#### WORKING DATA:

(* For every $r\geq 2$ there is a constant $C=C(r)>0$ such that the following holds. Let $H$ be an $r$-uniform hypergraph on $n$ vertices of average degree $d$, and let $p>0$. Then $$n^{r/p}\cdot\lambda_2^{(p)}(H)\geq r\,\mathrm{disc}^{+}(H)-Cd\qquad\text{and}\qquad n^{r/p}\cdot\mu^{(p)}(H)\geq r\,\mathrm{disc}(H)-Cd.$$
   Context: For an $r$-uniform hypergraph $H$ on vertex set $V$ with $|V|=n$, its adjacency map is $\tau_H(x_1,\dots,x_r)=\frac{1}{(r-1)!}\sum x_1(v_1)\cdots x_r(v_r)$, the sum over ordered tuples $(v_1,\dots,v_r)\in V^r$ with $\{v_1,\dots,v_r\}\in E(H)$. The normalized adjacency map is $\sigma_H=\tau_H-\frac{r|E(H)|}{n^r}J$ with $J(x_1,\dots,x_r)=\sum_{v_1,\dots,v_r\in V}x_1(v_1)\cdots x_r(v_r)$. With $\|x\|_p=(\sum_v|x(v)|^p)^{1/p}$, $\lambda_2^{(p)}(H)=\sup_{x\in\mathbb{R}^V,\|x\|_p=1}\sigma_H(x,\dots,x)$ and $\mu^{(p)}(H)=\sup_{\|x_1\|_p=\dots=\|x_r\|_p=1}|\sigma_H(x_1,\dots,x_r)|$. With edge density $q=|E(H)|/\binom{n}{r}$ and $e(U)$ the number of edges inside $U\subset V$, $\mathrm{disc}(U)=e(U)-q\binom{|U|}{r}$, $\mathrm{disc}^{+}(H)=\max_U\mathrm{disc}(U)$, $\mathrm{disc}(H)=\max_U|\mathrm{disc}(U)|$. The average degree is $d=r|E(H)|/n$. *)

theory Defs
  imports "HOL-Analysis.Analysis"
begin

text \<open>An r-uniform hypergraph: a finite vertex set V and a set E of edges,
  each edge an r-element subset of V. Vertices are natural numbers
  (any finite vertex set can be relabelled).\<close>
definition uniform_hypergraph :: "nat \<Rightarrow> nat set \<Rightarrow> nat set set \<Rightarrow> bool" where
  "uniform_hypergraph r V E \<longleftrightarrow> finite V \<and> (\<forall>e\<in>E. e \<subseteq> V \<and> card e = r)"

definition tuples :: "nat \<Rightarrow> nat set \<Rightarrow> (nat \<Rightarrow> nat) set" where
  "tuples r V = PiE {..<r} (\<lambda>_. V)"

text \<open>Adjacency map tau_H(x_1,...,x_r); the arguments are xs 0, ..., xs (r-1).\<close>
definition adj_map :: "nat \<Rightarrow> nat set \<Rightarrow> nat set set \<Rightarrow> (nat \<Rightarrow> nat \<Rightarrow> real) \<Rightarrow> real" where
  "adj_map r V E xs = (1 / fact (r - 1)) *
     (\<Sum>v\<in>{v\<in>tuples r V. v ` {..<r} \<in> E}. \<Prod>i<r. xs i (v i))"

definition J_map :: "nat \<Rightarrow> nat set \<Rightarrow> (nat \<Rightarrow> nat \<Rightarrow> real) \<Rightarrow> real" where
  "J_map r V xs = (\<Sum>v\<in>tuples r V. \<Prod>i<r. xs i (v i))"

definition norm_adj_map :: "nat \<Rightarrow> nat set \<Rightarrow> nat set set \<Rightarrow> (nat \<Rightarrow> nat \<Rightarrow> real) \<Rightarrow> real" where
  "norm_adj_map r V E xs = adj_map r V E xs
     - (real r * real (card E) / real (card V) ^ r) * J_map r V xs"

definition pnorm :: "real \<Rightarrow> nat set \<Rightarrow> (nat \<Rightarrow> real) \<Rightarrow> real" where
  "pnorm p V x = (\<Sum>v\<in>V. \<bar>x v\<bar> powr p) powr (1 / p)"

definition lambda2 :: "real \<Rightarrow> nat \<Rightarrow> nat set \<Rightarrow> nat set set \<Rightarrow> real" where
  "lambda2 p r V E = (SUP x\<in>{x. pnorm p V x = 1}. norm_adj_map r V E (\<lambda>_. x))"

definition mu :: "real \<Rightarrow> nat \<Rightarrow> nat set \<Rightarrow> nat set set \<Rightarrow> real" where
  "mu p r V E = (SUP xs\<in>{xs. \<forall>i<r. pnorm p V (xs i) = 1}. \<bar>norm_adj_map r V E xs\<bar>)"

definition edge_density :: "nat \<Rightarrow> nat set \<Rightarrow> nat set set \<Rightarrow> real" where
  "edge_density r V E = real (card E) / real (card V choose r)"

#### WORK INSTRUCTION:
Within the records, on how many lines does the word "card" appear? Provide the number alone.

#### SOLUTION BELOW:
3